Start of Data listing
(* For every nonzero integer $r$ and every integer $n\ge 0$, \[ \sum_{j=0}^{n}(-1)^{rj}L_{r(n-2j)}=\sum_{j=0}^{n}\left(\frac{L_r}{2}\right)^jL_{r(n-j)}=\frac{2F_{r(n+1)}}{F_r}. \]
   Context: $F_n$ and $L_n$ denote the Fibonacci and Lucas numbers, defined for all integers $n$ by $F_0=0,F_1=1$, $L_0=2,L_1=1$ and $x_n=x_{n-1}+x_{n-2}$; equivalently $F_n=(\alpha^n-\beta^n)/(\alpha-\beta)$, $L_n=\alpha^n+\beta^n$ with $\alpha=(1+\sqrt5)/2$, $\beta=(1-\sqrt5)/2$. In particular $F_{-n}=(-1)^{n-1}F_n$ and $L_{-n}=(-1)^nL_n$. *)

theory Defs
  imports Complex_Main
begin

definition phi_a :: real where "phi_a = (1 + sqrt 5) / 2"
definition phi_b :: real where "phi_b = (1 - sqrt 5) / 2"

definition fibz :: "int \<Rightarrow> real" where
  "fibz n = (phi_a powi n - phi_b powi n) / (phi_a - phi_b)"
definition lucz :: "int \<Rightarrow> real" where
  "lucz n = phi_a powi n + phi_b powi n"

end

theory Submission
  imports Defs
begin

text \<open>Put \<open>a = \<alpha>^r\<close> and \<open>b = \<beta>^r\<close>. Then \<open>L(rm) = a^m + b^m\<close>, \<open>ab = (-1)^r\<close> and
  \<open>F(r(n+1)) / F(r) = (a^(n+1) - b^(n+1)) / (a - b)\<close>, so both sums become identities in two
  arbitrary nonzero \<open>a, b\<close>: the first is twice the geometric sum \<open>\<Sum> a^(n-j) b^j\<close>, and the
  second satisfies \<open>S(n+1) = a^(n+1) + b^(n+1) + (a + b)/2 \<cdot> S(n)\<close>, which telescopes after
  multiplication by \<open>a - b\<close>.\<close>

lemma sum_power_mult_power_mult_diff:
  fixes a b :: "'a::comm_ring_1"
  shows "(\<Sum>j=0..n. a ^ (n - j) * b ^ j) * (a - b) = a ^ Suc n - b ^ Suc n"
proof -
  have "b ^ Suc n - a ^ Suc n = (b - a) * (\<Sum>j<Suc n. b ^ j * a ^ (n - j))"
    by (rule diff_power_eq_sum)
  also have "(\<Sum>j<Suc n. b ^ j * a ^ (n - j)) = (\<Sum>j=0..n. a ^ (n - j) * b ^ j)"
    by (simp add: atLeast0AtMost lessThan_Suc_atMost mult.commute)
  finally show ?thesis
    by (simp add: algebra_simps)
qed

lemma sum_power_mult_power_swap:
  fixes a b :: "'a::comm_semiring_1"
  shows "(\<Sum>j=0..n. b ^ (n - j) * a ^ j) = (\<Sum>j=0..n. a ^ (n - j) * b ^ j)"
  by (subst sum.atLeastAtMost_rev[of _ 0 n, simplified]) (intro sum.cong, auto simp: mult.commute)

lemma power_mult_power_int_centered:
  fixes x :: "'a::field"
  assumes "x \<noteq> 0" "j \<le> n"
  shows "x ^ j * x powi (int n - 2 * int j) = x ^ (n - j)"
proof -
  have "x ^ (n - j) = x powi (int j + (int n - 2 * int j))"
    using assms(2) by (simp add: of_nat_diff flip: power_int_of_nat)
  also have "\<dots> = x powi int j * x powi (int n - 2 * int j)"
    using assms(1) by (rule power_int_add[OF disjI1])
  finally show ?thesis
    by simp
qed

lemma sum_centered_power_int_mult_diff:
  fixes a b :: "'a::field"
  assumes "a \<noteq> 0" "b \<noteq> 0"
  shows "(\<Sum>j=0..n. (a * b) ^ j * (a powi (int n - 2 * int j) + b powi (int n - 2 * int j)))
           * (a - b) = 2 * (a ^ Suc n - b ^ Suc n)"
proof -
  have "(\<Sum>j=0..n. (a * b) ^ j * (a powi (int n - 2 * int j) + b powi (int n - 2 * int j)))
      = (\<Sum>j=0..n. a ^ (n - j) * b ^ j + b ^ (n - j) * a ^ j)"
    using power_mult_power_int_centered[OF assms(1)] power_mult_power_int_centered[OF assms(2)]
    by (intro sum.cong) (auto simp: power_mult_distrib algebra_simps)
  also have "\<dots> = 2 * (\<Sum>j=0..n. a ^ (n - j) * b ^ j)"
    by (simp add: sum.distrib sum_power_mult_power_swap)
  finally show ?thesis
    using sum_power_mult_power_mult_diff[of a n b] by (simp add: mult.assoc)
qed

lemma sum_half_sum_power_mult_diff:
  fixes a b :: "'a::field_char_0"
  shows "(\<Sum>j=0..n. ((a + b) / 2) ^ j * (a ^ (n - j) + b ^ (n - j))) * (a - b)
           = 2 * (a ^ Suc n - b ^ Suc n)"
proof (induction n)
  case 0
  show ?case by simp
next
  case (Suc n)
  define S where "S = (\<Sum>j=0..n. ((a + b) / 2) ^ j * (a ^ (n - j) + b ^ (n - j)))"
  have "(\<Sum>j=0..Suc n. ((a + b) / 2) ^ j * (a ^ (Suc n - j) + b ^ (Suc n - j)))
      = a ^ Suc n + b ^ Suc n + (a + b) / 2 * S"
    unfolding S_def
    by (simp add: sum.atLeast0_atMost_Suc_shift sum_distrib_left mult.assoc del: sum.cl_ivl_Suc)
  also have "\<dots> * (a - b) = (a ^ Suc n + b ^ Suc n) * (a - b) + (a + b) * (S * (a - b)) / 2"
    by (simp add: field_simps)
  also have "\<dots> = (a ^ Suc n + b ^ Suc n) * (a - b) + (a + b) * (a ^ Suc n - b ^ Suc n)"
    using Suc.IH unfolding S_def by simp
  also have "\<dots> = 2 * (a ^ Suc (Suc n) - b ^ Suc (Suc n))"
    by (simp add: algebra_simps)
  finally show ?case .
qed

lemma golden_ratio_conj:
  "phi_a * phi_b = -1" "phi_a - phi_b = sqrt 5" "phi_a > 1"
proof -
  have "sqrt 5 > (1::real)"
    by simp
  then show "phi_a * phi_b = -1" "phi_a - phi_b = sqrt 5" "phi_a > 1"
    unfolding phi_a_def phi_b_def by (simp_all add: field_simps)
qed

lemma golden_power_int_mult: "phi_a powi r * phi_b powi r = (-1) ^ nat \<bar>r\<bar>"
proof -
  have "phi_a powi r * phi_b powi r = (-1) powi r"
    by (simp flip: power_int_mult_distrib add: golden_ratio_conj(1))
  also have "\<dots> = (-1) ^ nat \<bar>r\<bar>"
    by (simp add: power_int_def)
  finally show ?thesis .
qed

lemma lucz_mult: "lucz (r * m) = (phi_a powi r) powi m + (phi_b powi r) powi m"
  unfolding lucz_def by (simp add: power_int_mult)

lemma fibz_mult: "fibz (r * m) = ((phi_a powi r) powi m - (phi_b powi r) powi m) / sqrt 5"
  unfolding fibz_def golden_ratio_conj(2) by (simp add: power_int_mult)

lemma golden_power_int_neq:
  assumes "r \<noteq> 0"
  shows "phi_a powi r \<noteq> phi_b powi r"
proof
  assume eq: "phi_a powi r = phi_b powi r"
  have "\<bar>phi_a\<bar> * \<bar>phi_b\<bar> = 1"
    using golden_ratio_conj(1) by (simp flip: abs_mult)
  then have "\<bar>phi_b\<bar> = inverse \<bar>phi_a\<bar>"
    using golden_ratio_conj(3) by (simp add: field_simps)
  then have "\<bar>phi_a\<bar> powi r = \<bar>phi_a\<bar> powi (- r)"
    using arg_cong[OF eq, of abs] by (simp add: power_int_abs power_int_inverse power_int_minus)
  moreover have "\<bar>phi_a\<bar> powi (min r (- r)) < \<bar>phi_a\<bar> powi (max r (- r))"
    using assms golden_ratio_conj(3) by (intro power_int_strict_increasing) auto
  ultimately show False
    by (simp add: min_def max_def split: if_splits)
qed

theorem theorem1:
  fixes r :: int and n :: nat
  assumes "r \<noteq> 0"
  shows "(\<Sum>j=0..n. (-1) ^ (nat \<bar>r\<bar> * j) * lucz (r * (int n - 2 * int j)))
           = (\<Sum>j=0..n. (lucz r / 2) ^ j * lucz (r * (int n - int j)))
       \<and> (\<Sum>j=0..n. (lucz r / 2) ^ j * lucz (r * (int n - int j)))
           = 2 * fibz (r * (int n + 1)) / fibz r"
proof -
  define a where "a = phi_a powi r"
  define b where "b = phi_b powi r"
  have "a \<noteq> 0" "b \<noteq> 0" "a \<noteq> b" and ab: "a * b = (-1) ^ nat \<bar>r\<bar>"
    using golden_ratio_conj golden_power_int_neq[OF assms] golden_power_int_mult
    unfolding a_def b_def by auto
  have lucz: "lucz (r * m) = a powi m + b powi m" for m
    unfolding a_def b_def by (rule lucz_mult)
  have fib_quot: "2 * fibz (r * (int n + 1)) / fibz r = 2 * (a ^ Suc n - b ^ Suc n) / (a - b)"
    using fibz_mult[of r "int n + 1"] fibz_mult[of r 1] unfolding a_def b_def
    by (simp add: add.commute flip: power_int_of_nat)
  have "(\<Sum>j=0..n. (-1) ^ (nat \<bar>r\<bar> * j) * lucz (r * (int n - 2 * int j)))
      = 2 * (a ^ Suc n - b ^ Suc n) / (a - b)"
    using sum_centered_power_int_mult_diff[OF \<open>a \<noteq> 0\<close> \<open>b \<noteq> 0\<close>, of n] \<open>a \<noteq> b\<close>
    by (simp add: ab lucz power_mult eq_divide_eq)
  moreover have "(\<Sum>j=0..n. (lucz r / 2) ^ j * lucz (r * (int n - int j)))
      = (\<Sum>j=0..n. ((a + b) / 2) ^ j * (a ^ (n - j) + b ^ (n - j)))"
    using lucz[of 1] by (intro sum.cong refl) (simp add: lucz flip: of_nat_diff power_int_of_nat)
  then have "(\<Sum>j=0..n. (lucz r / 2) ^ j * lucz (r * (int n - int j)))
      = 2 * (a ^ Suc n - b ^ Suc n) / (a - b)"
    using sum_half_sum_power_mult_diff[of a b n] \<open>a \<noteq> b\<close> by (simp add: eq_divide_eq)
  ultimately show ?thesis
    using fib_quot by simp
qed

end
End of Data listing
Instructions to follow | Pick each line holding the word "moreover" out of the data and copy it.

Result of this exercise |
  moreover have "\<bar>phi_a\<bar> powi (min r (- r)) < \<bar>phi_a\<bar> powi (max r (- r))"
  moreover have "(\<Sum>j=0..n. (lucz r / 2) ^ j * lucz (r * (int n - int j)))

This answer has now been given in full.